In Which I Wonder How On Earth To Review A Cookbook

photoIn a surge of optimism the other day, I signed up to review a cookbook.  This will be so much fun! I thought. I mean, look at the author on the cover – doesn’t she look fun? I think at some level I imagined her bringing the cookbook to me – you know, in person – then hanging out to make me some recipes.  She’d do the cooking, I’d pour wine. We’d take a selfie and post it all over the interwebs with lots of emoji and exclamation marks. It would be lovely.

Turns out, that’s not how this works. From the  looks of things, the publisher just sent the book.  (Kelsey Nixon if you’re on your way, let me know. I have wine! I’ll be happy to welcome you!)

In the absence of an unexpected knock on the door, I will endeavor to be confident in my kitchen without professional help.  It’s character building to try something that is this far out of my league. I don’t mean to suggest that I can’t cook at all. I can. And I can follow directions.  But to review this as a book–as the writing someone else has worked endless hours to perfect…that daunts me.  Why should her writing skill be judged according to my cooking skill? (Although I guess that’s what you sign up for when you write a cookbook, huh? I don’t know. It gets rather philosophical…)

To this point, the only intersection between my writing and my cooking occurred in the third chapter of A MAZE OF GRACE, where I confess that in my first year of marriage, I cooked every meal we ate by sautéing various hunks of meat in olive oil and butter. Every. Single. Meal. (except, of course, those involving sandwiches or cereal). There was no baking. No grilling. No broiling. I don’t remember ever opening the oven. That was the year we each gained 25 pounds, and learned that Mylanta gel caps are the best antacid on the market.

But that was then.  I’m better at cooking now–I even use the inside of the oven :) And as I try to grow in this area of life, I have the opportunity to  support the career of another author while doing something that will likely provide any number of “memorable” (read: highly comedic) moments. That’s not a bad deal.

But I could use your advice:

How would YOU review a cookbook?
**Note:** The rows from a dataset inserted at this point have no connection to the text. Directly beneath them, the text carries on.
lemma sdualE_free_extended_code:
  assumes "bvec.subspace A" and "finite S" and "bvec.span S = sdualB n A" and "y \<in> sdualB n A"
  shows "sdualE (n+1) (free_code_of (extended_code n x A)) =
    gen_code (insert (ext n Kap (embv Kap y) (emb Kap (1 + sipB n x y)))
      ((\<lambda>h. ext n 0 (embv Kap h) (emb Kap (sipB n x h))) ` S))"
proof -
  have "sdualE (n+1) (free_code_of (extended_code n x A)) =
      free_code_of (sdualB (n+1) (extended_code n x A))"
    using subspace_extended_code[OF assms(1)] by (intro sdualE_free_code_of bvec.subspace_0)
  also have "\<dots> = free_code_of (extended_dual n x (sdualB n A))"
    using bvec.subspace_0[OF assms(1)] by (simp only: sdualB_extended_code)
  also have "\<dots> = gen_code (insert (ext n Kap (embv Kap y) (emb Kap (1 + sipB n x y)))
      ((\<lambda>h. ext n 0 (embv Kap h) (emb Kap (sipB n x h))) ` S))"
    using gen_code_extended_dual_rows assms(2-4) by simp
  finally show ?thesis .
qed
lemma weighted_integral_equation_solvable:
  fixes F :: "real \<Rightarrow> real \<Rightarrow> real"
  assumes L: "0 < L"
    and lip: "\<And>t u v. t \<in> {0..1} \<Longrightarrow> \<bar>F t u - F t v\<bar> \<le> L * \<bar>u - v\<bar>"
    and cont: "\<And>v. continuous_on {0..1} v \<Longrightarrow> continuous_on {0..1} (\<lambda>s. F s (v s))"
  obtains v where "continuous_on {0..1} v" "\<And>t. t \<in> {0..1} \<Longrightarrow>
    v t = exp (- (2 * L) * t) * (\<xi> + integral {0..t} (\<lambda>s. F s (exp (2 * L * s) * v s)))"
proof -
  define g where "g v s = F s (exp (2 * L * s) * v s)" for v :: "real \<Rightarrow> real" and s
  define h where "h v t = exp (- (2 * L) * t) * (\<xi> + integral {0..t} (g v))" for v t
  have gc: "continuous_on {0..1} (g v)" if "continuous_on {0..1} v" for v
    unfolding g_def by (intro cont continuous_intros that)
  have hc: "continuous_on (cbox 0 1) (h v)" if "continuous_on {0..1} v" for v
    unfolding h_def cbox_interval
    by (intro continuous_intros indefinite_integral_continuous_1 integrable_continuous_real gc that)
  \<comment> \<open>The Picard operator, made total on bounded continuous functions by clamping to \<open>[0, 1]\<close>;
    the weight \<open>exp (- 2 L t)\<close> makes it a contraction of ratio \<open>1 / 2\<close>.\<close>
  define T where "T v = (SOME u. \<forall>t. apply_bcontfun u t = h v (clamp 0 1 t))" for v :: "real \<Rightarrow>\<^sub>C real"
  have T: "apply_bcontfun (T v) t = h v (clamp 0 1 t)" for v t
  proof -
    obtain u :: "real \<Rightarrow>\<^sub>C real" where "\<And>t. u t = h v (clamp 0 1 t)"
      using continuous_on_cbox_bcontfunE[OF hc[OF continuous_on_apply_bcontfun]] by blast
    then have "\<exists>u. \<forall>t. apply_bcontfun u t = h v (clamp 0 1 t)" by blast
    from someI_ex[OF this] show ?thesis unfolding T_def by blast
  qed
  have "dist (T v1) (T v2) \<le> (1/2) * dist v1 v2" for v1 v2
  proof (rule dist_bound)
    fix t
    define \<tau> :: real where "\<tau> = clamp 0 1 t"
    have \<tau>: "\<tau> \<in> {0..1}" using clamp_in_interval[of 0 1 t] by (simp add: \<tau>_def)
    have int: "g v integrable_on {0..\<tau>}" for v :: "real \<Rightarrow>\<^sub>C real"
      by (rule integrable_continuous_real, rule continuous_on_subset[OF gc]) (use \<tau> in auto)
    have "exp (- (2 * L) * \<tau>) * \<bar>integral {0..\<tau>} (\<lambda>s. g v1 s - g v2 s)\<bar> \<le> dist v1 v2 / 2"
      unfolding g_def using \<tau> dist_bounded[of v1 _ v2] integrable_diff[OF int int]
      by (intro weighted_volterra_lipschitz L lip) (auto simp: g_def dist_real_def)
    moreover have "dist (T v1 t) (T v2 t)
        = exp (- (2 * L) * \<tau>) * \<bar>integral {0..\<tau>} (\<lambda>s. g v1 s - g v2 s)\<bar>"
      unfolding T h_def \<tau>_def[symmetric] dist_real_def integral_diff[OF int int]
      by (simp add: abs_mult flip: right_diff_distrib)
    ultimately show "dist (T v1 t) (T v2 t) \<le> (1/2) * dist v1 v2" by simp
  qed
  then obtain v where "T v = v" using banach_fix_type[of "1/2" T] by auto
  then have "apply_bcontfun v t = exp (- (2 * L) * t)
      * (\<xi> + integral {0..t} (\<lambda>s. F s (exp (2 * L * s) * apply_bcontfun v s)))"
    if "t \<in> {0..1}" for t
    using T[of v t] that by (simp add: h_def g_def[abs_def])
  then show ?thesis by (rule that[OF continuous_on_apply_bcontfun])
qed
(* Let $b\ge2$ be an integer, let $X\subseteq\mathbf{N}^*$ be nonempty, let $J=\{\lfloor\log_b x\rfloor: x\in X\}$, let $j_0=\min J$, and let $G$ denote the smallest $b$-dc-semigroup containing $X$. \begin{enumerate} \item Suppose $j_0>0$, and let $l_0$ be a positive integer with $\{j_0,j_0+1,\dots,j_0+l_0-1\}\subseteq J$. Put $d=\lceil j_0/l_0\rceil$ and $t=dj_0$. \begin{itemize} \item If $d=1$, then $G=I_b(j_0,+\infty)$. \item If $d>1$, write $J\cap\{0,1,\dots,t-1\}=\bigcup_{k=0}^{n}\{j_k,j_k+1,\dots,j_k+l_k-1\}$ with $n\in\mathbf{N}$, $j_k\in\mathbf{N}$, $l_k\in\mathbf{N}^*$ and $j_{k+1}>j_k+l_k$ for $0\le k<n$. Then $G$ is the union of $I_b(t,+\infty)$ with all the sets $I_b\bigl(\sum_{i=1}^e j_{k_i},\ \sum_{i=1}^e l_{k_i}\bigr)$, where $1\le e<d$ and $k_1,\dots,k_e\in\{0,\dots,n\}$ with $j_{k_1}\le\dots\le j_{k_e}$. \end{itemize} \item Suppose $j_0=0$ and $b=2$. If $X=\{1\}$ then $G=\{1\}$. Otherwise, $G=\{1\}\cup G'$, where $G'$ is the smallest $2$-dc-semigroup containing $X\setminus\{1\}$ (described by part (1), applied with $J$ replaced by $J\setminus\{0\}$). \item Suppose $j_0=0$ and $b>2$. Then $G=\mathbf{N}^*$. \end{enumerate}
   Context: $\mathbf{N}=\{0,1,2,\dots\}$ and $\mathbf{N}^*=\mathbf{N}\setminus\{0\}$. For an integer $b\ge2$, a $b$-dc-semigroup is a subsemigroup $G$ of the multiplicative semigroup $(\mathbf{N}^*,\cdot)$ which is closed with respect to the number of base-$b$ digits: if $x\in G$ and $b^{n-1}\le x<b^n$ then $\{y\in\mathbf{N}: b^{n-1}\le y<b^n\}\subseteq G$. For $i\in\mathbf{N}$ and $j\in\mathbf{N}^*$, $I_b(i,j)=\{x\in\mathbf{N}: b^i\le x<b^{i+j}\}$ and $I_b(i,+\infty)=\{x\in\mathbf{N}: x\ge b^i\}$. Note $\lfloor\log_b x\rfloor$ is one less than the number of base-$b$ digits of $x$. *)

theory Defs
  imports Complex_Main
begin

definition dc_semigroup :: "nat \<Rightarrow> nat set \<Rightarrow> bool" where
  "dc_semigroup b G \<longleftrightarrow>
     G \<subseteq> {0<..} \<and>
     (\<forall>x\<in>G. \<forall>y\<in>G. x * y \<in> G) \<and>
     (\<forall>x\<in>G. \<forall>n::nat. 1 \<le> n \<and> b ^ (n - 1) \<le> x \<and> x < b ^ n \<longrightarrow>
        {y. b ^ (n - 1) \<le> y \<and> y < b ^ n} \<subseteq> G)"

definition dc_hull :: "nat \<Rightarrow> nat set \<Rightarrow> nat set" where
  "dc_hull b X = \<Inter> {G. dc_semigroup b G \<and> X \<subseteq> G}"

definition Ib :: "nat \<Rightarrow> nat \<Rightarrow> nat \<Rightarrow> nat set" where
  "Ib b i j = {x. b ^ i \<le> x \<and> x < b ^ (i + j)}"

definition Ib_inf :: "nat \<Rightarrow> nat \<Rightarrow> nat set" where
  "Ib_inf b i = {x. x \<ge> b ^ i}"

end

theory Submission
  imports Defs "HOL-Library.Multiset"
begin

text \<open>
  The \<open>dlog\<close> of a product \<open>x y\<close> is \<open>dlog x + dlog y\<close> or
  \<open>dlog x + dlog y + 1\<close>, and a dc-semigroup is determined by the set of values \<open>dlog\<close> takes on it.
  Hence the hull of \<open>X\<close> consists of all \<open>x\<close> whose \<open>dlog\<close> is a carry sum of \<open>J\<close>, i.e. lies in
  \<open>[a\<^sub>1 + \<dots> + a\<^sub>e, a\<^sub>1 + \<dots> + a\<^sub>e + e)\<close> for some \<open>a\<^sub>i \<in> J\<close>: every carry can be realised by
  suitable factors, except for a factor \<open>1\<close> in base \<open>2\<close>, which is why that case is special.
  If \<open>0 \<in> J\<close> and \<open>b > 2\<close>, every \<open>m\<close> is a carry sum of zeros. If \<open>j\<^sub>0 > 0\<close>, sums of \<open>e \<ge> d\<close>
  elements of the block \<open>[j\<^sub>0, j\<^sub>0 + l\<^sub>0)\<close> cover every \<open>m \<ge> d j\<^sub>0\<close>, whereas a carry sum
  \<open>m < d j\<^sub>0\<close> has fewer than \<open>d\<close> summands, all below \<open>d j\<^sub>0\<close>, so each lies in one of the
  blocks of \<open>J \<inter> [0, d j\<^sub>0)\<close>.
\<close>

section \<open>Number of digits\<close>

definition dlog :: "nat \<Rightarrow> nat \<Rightarrow> nat" where
  "dlog b x = nat \<lfloor>log (real b) (real x)\<rfloor>"

lemma dlog_eq_iff:
  assumes "2 \<le> b" "0 < x"
  shows "dlog b x = n \<longleftrightarrow> b ^ n \<le> x \<and> x < b ^ (n + 1)"
  using floor_log_nat_eq_powr_iff[OF assms, of n] assms
  by (auto simp: dlog_def nat_eq_iff)

lemma dlog_bounds:
  assumes "2 \<le> b" "0 < x"
  shows "b ^ dlog b x \<le> x" "x < b ^ (dlog b x + 1)"
  using dlog_eq_iff[OF assms] by blast+

lemma dlog_power [simp]: "2 \<le> b \<Longrightarrow> dlog b (b ^ n) = n"
  by (simp add: dlog_eq_iff)

lemma dlog_eq_zero_iff: "2 \<le> b \<Longrightarrow> 0 < x \<Longrightarrow> dlog b x = 0 \<longleftrightarrow> x < b"
  by (simp add: dlog_eq_iff)

lemma le_dlog_iff:
  assumes "2 \<le> b" "0 < x"
  shows "k \<le> dlog b x \<longleftrightarrow> b ^ k \<le> x"
proof
  assume "k \<le> dlog b x"
  then have "b ^ k \<le> b ^ dlog b x" using assms(1) by (intro power_increasing) auto
  then show "b ^ k \<le> x" using dlog_bounds[OF assms] by linarith
next
  assume "b ^ k \<le> x"
  then have "b ^ k < b ^ (dlog b x + 1)" using dlog_bounds[OF assms] by linarith
  then have "k < dlog b x + 1" by (rule power_less_imp_less_exp[rotated]) (use assms(1) in simp)
  then show "k \<le> dlog b x" by simp
qed

lemma dlog_less_iff:
  assumes "2 \<le> b" "0 < x"
  shows "dlog b x < k \<longleftrightarrow> x < b ^ k"
  using le_dlog_iff[OF assms, of k] by linarith

lemma dlog_mult:
  assumes "2 \<le> b" "0 < x" "0 < y"
  shows "dlog b (x * y) = dlog b x + dlog b y \<or> dlog b (x * y) = dlog b x + dlog b y + 1"
proof -
  have "b ^ (dlog b x + dlog b y) \<le> x * y"
    unfolding power_add using dlog_bounds[OF assms(1,2)] dlog_bounds[OF assms(1,3)]
    by (intro mult_le_mono) auto
  moreover have "x * y < b ^ (dlog b x + dlog b y + 2)"
  proof -
    have "x * y < b ^ (dlog b x + 1) * b ^ (dlog b y + 1)"
      using assms(1) dlog_bounds[OF assms(1,2)] dlog_bounds[OF assms(1,3)] by (intro mult_strict_mono) auto
    then show ?thesis by (simp add: power_add mult_ac)
  qed
  moreover have "0 < x * y" using assms by simp
  ultimately have "dlog b x + dlog b y \<le> dlog b (x * y)" "dlog b (x * y) < dlog b x + dlog b y + 2"
    using le_dlog_iff[OF assms(1)] dlog_less_iff[OF assms(1)] by blast+
  then show ?thesis by linarith
qed

lemma Ib_iff:
  assumes "2 \<le> b"
  shows "x \<in> Ib b i j \<longleftrightarrow> 0 < x \<and> i \<le> dlog b x \<and> dlog b x < i + j"
  using assms le_dlog_iff[OF assms] dlog_less_iff[OF assms]
  by (cases "x = 0") (auto simp: Ib_def)

lemma Ib_inf_iff:
  assumes "2 \<le> b"
  shows "x \<in> Ib_inf b i \<longleftrightarrow> 0 < x \<and> i \<le> dlog b x"
  using assms le_dlog_iff[OF assms] by (cases "x = 0") (auto simp: Ib_inf_def)

lemma digit_block_eq:
  assumes "2 \<le> b"
  shows "{y. b ^ k \<le> y \<and> y < b ^ (k + 1)} = {y. 0 < y \<and> dlog b y = k}"
proof -
  have "0 < b ^ k" using assms by simp
  then have "0 < y" if "b ^ k \<le> y" for y using that by linarith
  then show ?thesis using dlog_eq_iff[OF assms] by blast
qed

section \<open>Digit-closed semigroups and their hulls\<close>

lemma dc_semigroup_iff:
  assumes "2 \<le> b"
  shows "dc_semigroup b G \<longleftrightarrow> G \<subseteq> {0<..} \<and> (\<forall>x\<in>G. \<forall>y\<in>G. x * y \<in> G) \<and>
     (\<forall>x\<in>G. \<forall>y>0. dlog b y = dlog b x \<longrightarrow> y \<in> G)"
proof -
  have digit_clause: "(\<forall>n. 1 \<le> n \<and> b ^ (n - 1) \<le> x \<and> x < b ^ n \<longrightarrow> {y. b ^ (n - 1) \<le> y \<and> y < b ^ n} \<subseteq> G)
      \<longleftrightarrow> (\<forall>y>0. dlog b y = dlog b x \<longrightarrow> y \<in> G)" if "0 < x" for x
  proof -
    have "1 \<le> n \<and> b ^ (n - 1) \<le> x \<and> x < b ^ n \<longleftrightarrow> n = dlog b x + 1" for n
      using dlog_eq_iff[OF assms that, of "n - 1"] by (cases n) auto
    then show ?thesis using digit_block_eq[OF assms, of "dlog b x"] by auto
  qed
  show ?thesis
  proof (cases "G \<subseteq> {0<..}")
    case True
    then show ?thesis unfolding dc_semigroup_def using digit_clause by (simp add: subset_iff)
  qed (simp add: dc_semigroup_def)
qed

lemma dc_semigroup_pos: "dc_semigroup b G \<Longrightarrow> x \<in> G \<Longrightarrow> 0 < x"
  unfolding dc_semigroup_def by auto

lemma dc_semigroup_mult: "dc_semigroup b G \<Longrightarrow> x \<in> G \<Longrightarrow> y \<in> G \<Longrightarrow> x * y \<in> G"
  unfolding dc_semigroup_def by auto

lemma dc_semigroup_dlog_closed:
  "2 \<le> b \<Longrightarrow> dc_semigroup b G \<Longrightarrow> x \<in> G \<Longrightarrow> 0 < y \<Longrightarrow> dlog b y = dlog b x \<Longrightarrow> y \<in> G"
  by (simp add: dc_semigroup_iff)

lemma power_dlog_in_dc_semigroup:
  "2 \<le> b \<Longrightarrow> dc_semigroup b G \<Longrightarrow> x \<in> G \<Longrightarrow> b ^ dlog b x \<in> G"
  using dc_semigroup_dlog_closed[of b G x "b ^ dlog b x"] by simp

lemma in_dc_semigroup_if_power_in:
  "2 \<le> b \<Longrightarrow> dc_semigroup b G \<Longrightarrow> b ^ m \<in> G \<Longrightarrow> 0 < y \<Longrightarrow> dlog b y = m \<Longrightarrow> y \<in> G"
  using dc_semigroup_dlog_closed[of b G "b ^ m" y] by simp

lemma exists_dlog_mult_carry:
  assumes "2 \<le> b" "3 \<le> b \<or> (1 \<le> i \<and> 1 \<le> j)"
  obtains x y where "0 < x" "0 < y" "dlog b x = i" "dlog b y = j" "dlog b (x * y) = i + j + 1"
proof -
  obtain x y where xy: "0 < x" "0 < y" "dlog b x = i" "dlog b y = j" "b ^ (i + j + 1) \<le> x * y"
  proof (cases "3 \<le> b")
    case True
    have "b \<le> 2 * (b - 1)" using True by simp
    also have "\<dots> \<le> (b - 1) * (b - 1)" using True by (intro mult_right_mono) auto
    finally have "b ^ (i + j + 1) \<le> ((b - 1) * b ^ i) * ((b - 1) * b ^ j)"
      by (simp add: power_add mult_ac)
    moreover have "dlog b ((b - 1) * b ^ k) = k" for k
      using True by (subst dlog_eq_iff) auto
    ultimately show thesis using that[of "(b - 1) * b ^ i" "(b - 1) * b ^ j"] True by simp
  next
    case False
    then have b: "b = 2" "1 \<le> i" "1 \<le> j" using assms by auto
    have pow: "(2::nat) ^ k = 2 * 2 ^ (k - 1)" if "1 \<le> k" for k
      using that by (metis Suc_diff_le diff_Suc_1 power_Suc)
    have "dlog 2 (3 * 2 ^ (k - 1)) = k" if "1 \<le> k" for k
      using pow[OF that] by (subst dlog_eq_iff) auto
    moreover have "(2::nat) ^ (i + j + 1) \<le> (3 * 2 ^ (i - 1)) * (3 * 2 ^ (j - 1))"
      using pow[of i] pow[of j] b by (simp add: power_add)
    ultimately show thesis using that[of "3 * 2 ^ (i - 1)" "3 * 2 ^ (j - 1)"] b by simp
  qed
  have "i + j + 1 \<le> dlog b (x * y)" using le_dlog_iff[OF assms(1)] xy by simp
  then have "dlog b (x * y) = i + j + 1" using dlog_mult[OF assms(1) xy(1,2)] xy(3,4) by linarith
  with xy that show thesis by blast
qed

lemma power_add_carry_in_dc_semigroup:
  assumes "2 \<le> b" "dc_semigroup b G" "b ^ i \<in> G" "b ^ j \<in> G" "3 \<le> b \<or> (1 \<le> i \<and> 1 \<le> j)"
  shows "b ^ (i + j + 1) \<in> G"
proof -
  obtain x y where w: "0 < x" "0 < y" "dlog b x = i" "dlog b y = j" "dlog b (x * y) = i + j + 1"
    using exists_dlog_mult_carry[OF assms(1,5)] .
  have "x * y \<in> G"
    using w in_dc_semigroup_if_power_in[OF assms(1,2)] assms(3,4) by (intro dc_semigroup_mult[OF assms(2)])
  from power_dlog_in_dc_semigroup[OF assms(1,2) this] show ?thesis using w(5) by simp
qed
What information would you find helpful? 

Obviously I’m not going to cook ALL the recipes, but I’ll try a bunch of them.  How would you choose which to try–would you go for the ones you’re pretty sure fall within your skill and taste range (there’s a whole chapter devoted to sandwiches!), or would you try something that seems more difficult and/or questionable (Caramelized Onion-Tomato Jam, anyone???) and see what happens?

Tell me about the review that would help you decide if this book is for you.